### EXERCISE PROMPT:
Go through the listing below and show each line that has the word "have".
#### DATA RECORDS
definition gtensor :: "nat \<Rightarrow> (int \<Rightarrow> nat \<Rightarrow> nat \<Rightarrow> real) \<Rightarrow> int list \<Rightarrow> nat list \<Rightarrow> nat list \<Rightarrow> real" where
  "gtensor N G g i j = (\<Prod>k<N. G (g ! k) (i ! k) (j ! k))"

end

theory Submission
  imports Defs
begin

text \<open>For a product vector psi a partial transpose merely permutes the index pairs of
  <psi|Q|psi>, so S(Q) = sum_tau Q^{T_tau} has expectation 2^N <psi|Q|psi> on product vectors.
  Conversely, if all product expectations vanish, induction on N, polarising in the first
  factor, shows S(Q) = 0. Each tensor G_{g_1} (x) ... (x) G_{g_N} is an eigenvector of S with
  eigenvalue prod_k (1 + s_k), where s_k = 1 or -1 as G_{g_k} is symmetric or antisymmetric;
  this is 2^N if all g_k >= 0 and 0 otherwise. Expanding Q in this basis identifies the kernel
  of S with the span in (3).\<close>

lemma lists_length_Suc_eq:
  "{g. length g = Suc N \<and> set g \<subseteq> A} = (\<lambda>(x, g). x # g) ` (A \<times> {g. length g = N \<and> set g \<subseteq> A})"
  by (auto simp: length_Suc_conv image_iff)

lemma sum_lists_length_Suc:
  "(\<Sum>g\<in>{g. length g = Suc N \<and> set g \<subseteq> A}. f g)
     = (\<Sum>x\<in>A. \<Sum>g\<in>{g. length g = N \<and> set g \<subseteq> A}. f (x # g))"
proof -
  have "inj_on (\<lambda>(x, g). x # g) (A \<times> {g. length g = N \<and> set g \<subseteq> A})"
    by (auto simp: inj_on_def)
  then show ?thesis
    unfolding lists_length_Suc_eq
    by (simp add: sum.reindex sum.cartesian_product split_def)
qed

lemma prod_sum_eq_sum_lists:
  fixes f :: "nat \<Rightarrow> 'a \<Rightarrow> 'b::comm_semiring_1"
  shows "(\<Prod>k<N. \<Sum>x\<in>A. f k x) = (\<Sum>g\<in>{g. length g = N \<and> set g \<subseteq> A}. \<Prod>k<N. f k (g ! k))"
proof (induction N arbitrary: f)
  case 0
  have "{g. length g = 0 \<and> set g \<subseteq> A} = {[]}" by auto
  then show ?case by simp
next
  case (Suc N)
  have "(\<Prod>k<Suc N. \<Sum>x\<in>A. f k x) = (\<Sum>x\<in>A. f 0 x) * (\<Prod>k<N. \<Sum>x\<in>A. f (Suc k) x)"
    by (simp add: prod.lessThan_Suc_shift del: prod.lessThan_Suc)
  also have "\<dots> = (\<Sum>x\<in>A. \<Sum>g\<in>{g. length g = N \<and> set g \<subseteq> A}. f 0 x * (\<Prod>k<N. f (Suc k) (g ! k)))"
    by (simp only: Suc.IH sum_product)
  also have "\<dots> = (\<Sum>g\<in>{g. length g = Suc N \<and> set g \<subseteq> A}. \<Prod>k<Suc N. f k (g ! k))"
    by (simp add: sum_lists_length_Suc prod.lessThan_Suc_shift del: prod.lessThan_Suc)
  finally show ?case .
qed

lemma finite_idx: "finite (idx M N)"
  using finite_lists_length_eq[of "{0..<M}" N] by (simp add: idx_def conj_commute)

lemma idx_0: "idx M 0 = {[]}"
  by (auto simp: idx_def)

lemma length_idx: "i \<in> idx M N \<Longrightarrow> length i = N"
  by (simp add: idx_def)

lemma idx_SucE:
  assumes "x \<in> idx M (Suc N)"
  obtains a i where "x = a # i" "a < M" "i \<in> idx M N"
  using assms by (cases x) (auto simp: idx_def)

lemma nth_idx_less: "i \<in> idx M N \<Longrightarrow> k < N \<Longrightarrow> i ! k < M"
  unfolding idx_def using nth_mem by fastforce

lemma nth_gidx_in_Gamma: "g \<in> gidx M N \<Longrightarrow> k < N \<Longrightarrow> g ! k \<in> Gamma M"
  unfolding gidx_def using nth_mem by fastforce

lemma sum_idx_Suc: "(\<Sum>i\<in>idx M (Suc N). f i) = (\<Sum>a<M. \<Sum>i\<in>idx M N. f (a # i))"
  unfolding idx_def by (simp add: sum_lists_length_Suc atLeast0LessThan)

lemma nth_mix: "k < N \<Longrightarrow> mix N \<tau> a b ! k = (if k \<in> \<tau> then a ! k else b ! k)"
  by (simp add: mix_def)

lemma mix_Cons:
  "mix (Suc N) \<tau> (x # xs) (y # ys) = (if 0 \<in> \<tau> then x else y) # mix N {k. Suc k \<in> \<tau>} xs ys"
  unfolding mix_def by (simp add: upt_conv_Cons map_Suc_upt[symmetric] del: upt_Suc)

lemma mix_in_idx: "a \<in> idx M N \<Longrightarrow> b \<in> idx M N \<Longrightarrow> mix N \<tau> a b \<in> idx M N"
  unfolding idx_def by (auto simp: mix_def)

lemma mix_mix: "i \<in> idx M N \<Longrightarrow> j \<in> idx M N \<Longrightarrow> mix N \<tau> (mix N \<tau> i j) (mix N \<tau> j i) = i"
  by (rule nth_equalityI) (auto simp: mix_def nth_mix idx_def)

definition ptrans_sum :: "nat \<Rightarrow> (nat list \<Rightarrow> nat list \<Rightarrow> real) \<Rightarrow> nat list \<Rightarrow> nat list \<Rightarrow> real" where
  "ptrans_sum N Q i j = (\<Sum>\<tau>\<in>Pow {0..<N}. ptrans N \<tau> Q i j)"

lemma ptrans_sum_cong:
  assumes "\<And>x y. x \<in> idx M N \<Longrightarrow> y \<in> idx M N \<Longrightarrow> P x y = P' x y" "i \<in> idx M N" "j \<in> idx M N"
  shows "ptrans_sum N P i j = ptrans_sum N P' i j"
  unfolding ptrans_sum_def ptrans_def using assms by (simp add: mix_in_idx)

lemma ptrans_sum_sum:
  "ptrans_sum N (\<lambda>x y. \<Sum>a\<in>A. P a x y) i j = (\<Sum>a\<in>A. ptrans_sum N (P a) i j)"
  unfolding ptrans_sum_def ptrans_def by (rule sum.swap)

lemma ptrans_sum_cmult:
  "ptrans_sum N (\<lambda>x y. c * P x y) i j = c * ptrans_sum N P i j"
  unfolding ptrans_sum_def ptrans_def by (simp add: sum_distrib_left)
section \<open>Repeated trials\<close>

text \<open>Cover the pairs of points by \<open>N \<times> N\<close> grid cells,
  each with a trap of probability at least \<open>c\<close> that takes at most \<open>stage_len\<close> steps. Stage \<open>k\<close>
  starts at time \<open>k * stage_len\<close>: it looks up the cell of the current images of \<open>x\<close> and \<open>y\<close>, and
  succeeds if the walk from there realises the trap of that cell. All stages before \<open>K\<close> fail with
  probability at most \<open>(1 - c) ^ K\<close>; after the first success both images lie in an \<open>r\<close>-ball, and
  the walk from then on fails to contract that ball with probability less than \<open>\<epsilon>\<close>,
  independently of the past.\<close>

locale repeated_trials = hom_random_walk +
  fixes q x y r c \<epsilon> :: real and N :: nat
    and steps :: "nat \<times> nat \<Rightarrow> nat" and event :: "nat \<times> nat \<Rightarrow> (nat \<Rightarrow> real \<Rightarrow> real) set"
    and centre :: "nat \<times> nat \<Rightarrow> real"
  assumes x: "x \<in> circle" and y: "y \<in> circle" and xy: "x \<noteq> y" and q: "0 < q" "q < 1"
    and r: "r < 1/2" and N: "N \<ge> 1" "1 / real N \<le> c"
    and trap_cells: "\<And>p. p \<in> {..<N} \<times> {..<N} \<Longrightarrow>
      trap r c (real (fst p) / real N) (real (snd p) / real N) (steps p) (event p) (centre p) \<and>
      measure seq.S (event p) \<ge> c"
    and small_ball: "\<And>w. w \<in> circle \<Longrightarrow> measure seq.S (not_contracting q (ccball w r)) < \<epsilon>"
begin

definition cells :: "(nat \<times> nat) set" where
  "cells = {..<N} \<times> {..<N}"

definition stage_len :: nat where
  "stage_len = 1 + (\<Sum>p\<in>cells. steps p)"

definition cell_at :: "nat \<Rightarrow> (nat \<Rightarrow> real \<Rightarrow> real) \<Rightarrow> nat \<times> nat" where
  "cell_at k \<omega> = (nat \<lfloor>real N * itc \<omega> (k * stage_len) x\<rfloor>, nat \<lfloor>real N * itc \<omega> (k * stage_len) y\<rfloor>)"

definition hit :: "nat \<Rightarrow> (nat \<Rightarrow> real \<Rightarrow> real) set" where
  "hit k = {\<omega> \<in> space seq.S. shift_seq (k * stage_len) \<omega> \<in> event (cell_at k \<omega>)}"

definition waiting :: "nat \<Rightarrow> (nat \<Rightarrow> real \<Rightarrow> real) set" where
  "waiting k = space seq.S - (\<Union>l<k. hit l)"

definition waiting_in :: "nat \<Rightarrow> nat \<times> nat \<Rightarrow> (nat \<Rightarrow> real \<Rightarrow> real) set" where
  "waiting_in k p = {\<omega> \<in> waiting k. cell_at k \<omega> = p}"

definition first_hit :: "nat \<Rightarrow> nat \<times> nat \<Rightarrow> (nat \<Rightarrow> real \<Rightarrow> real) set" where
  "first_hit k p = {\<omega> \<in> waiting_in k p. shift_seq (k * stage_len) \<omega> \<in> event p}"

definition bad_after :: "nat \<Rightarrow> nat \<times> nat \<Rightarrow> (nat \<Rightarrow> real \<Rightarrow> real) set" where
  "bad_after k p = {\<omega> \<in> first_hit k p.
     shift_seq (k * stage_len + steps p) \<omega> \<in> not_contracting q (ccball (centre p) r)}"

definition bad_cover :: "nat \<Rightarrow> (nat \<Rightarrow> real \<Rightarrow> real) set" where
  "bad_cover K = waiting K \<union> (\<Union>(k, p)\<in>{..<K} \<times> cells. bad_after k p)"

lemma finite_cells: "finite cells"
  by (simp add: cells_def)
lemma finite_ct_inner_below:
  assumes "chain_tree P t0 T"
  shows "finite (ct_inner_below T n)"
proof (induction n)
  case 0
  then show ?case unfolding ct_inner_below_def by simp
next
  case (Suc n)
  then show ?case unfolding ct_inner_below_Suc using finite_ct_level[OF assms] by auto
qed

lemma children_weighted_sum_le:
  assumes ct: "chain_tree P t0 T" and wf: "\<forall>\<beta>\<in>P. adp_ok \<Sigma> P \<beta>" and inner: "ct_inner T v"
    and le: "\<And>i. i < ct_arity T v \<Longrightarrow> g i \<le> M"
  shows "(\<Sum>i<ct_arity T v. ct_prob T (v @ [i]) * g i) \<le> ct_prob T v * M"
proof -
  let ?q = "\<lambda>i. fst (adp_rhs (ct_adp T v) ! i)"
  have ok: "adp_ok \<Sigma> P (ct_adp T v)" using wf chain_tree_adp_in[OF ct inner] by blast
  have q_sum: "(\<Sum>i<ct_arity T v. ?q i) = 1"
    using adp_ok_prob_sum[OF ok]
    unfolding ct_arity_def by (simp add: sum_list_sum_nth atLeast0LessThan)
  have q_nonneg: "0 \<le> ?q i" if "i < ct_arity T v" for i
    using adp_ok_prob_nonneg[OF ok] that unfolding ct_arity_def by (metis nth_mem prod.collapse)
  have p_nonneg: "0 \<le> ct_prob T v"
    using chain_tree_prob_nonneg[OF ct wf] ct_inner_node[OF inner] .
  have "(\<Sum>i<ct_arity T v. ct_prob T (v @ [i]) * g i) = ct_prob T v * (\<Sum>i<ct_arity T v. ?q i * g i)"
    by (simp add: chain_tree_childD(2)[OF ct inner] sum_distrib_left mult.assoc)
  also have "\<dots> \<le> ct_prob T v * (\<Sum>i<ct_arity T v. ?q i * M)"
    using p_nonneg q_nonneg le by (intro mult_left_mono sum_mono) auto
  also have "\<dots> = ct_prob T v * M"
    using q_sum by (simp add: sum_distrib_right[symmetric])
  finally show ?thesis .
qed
########
### ANSWER:
  have "inj_on (\<lambda>(x, g). x # g) (A \<times> {g. length g = N \<and> set g \<subseteq> A})"
  have "{g. length g = 0 \<and> set g \<subseteq> A} = {[]}" by auto
  have "(\<Prod>k<Suc N. \<Sum>x\<in>A. f k x) = (\<Sum>x\<in>A. f 0 x) * (\<Prod>k<N. \<Sum>x\<in>A. f (Suc k) x)"
  also have "\<dots> = (\<Sum>x\<in>A. \<Sum>g\<in>{g. length g = N \<and> set g \<subseteq> A}. f 0 x * (\<Prod>k<N. f (Suc k) (g ! k)))"
  also have "\<dots> = (\<Sum>g\<in>{g. length g = Suc N \<and> set g \<subseteq> A}. \<Prod>k<Suc N. f k (g ! k))"
  have ok: "adp_ok \<Sigma> P (ct_adp T v)" using wf chain_tree_adp_in[OF ct inner] by blast
  have q_sum: "(\<Sum>i<ct_arity T v. ?q i) = 1"
  have q_nonneg: "0 \<le> ?q i" if "i < ct_arity T v" for i
  have p_nonneg: "0 \<le> ct_prob T v"
  have "(\<Sum>i<ct_arity T v. ct_prob T (v @ [i]) * g i) = ct_prob T v * (\<Sum>i<ct_arity T v. ?q i * g i)"
  also have "\<dots> \<le> ct_prob T v * (\<Sum>i<ct_arity T v. ?q i * M)"
  also have "\<dots> = ct_prob T v * M"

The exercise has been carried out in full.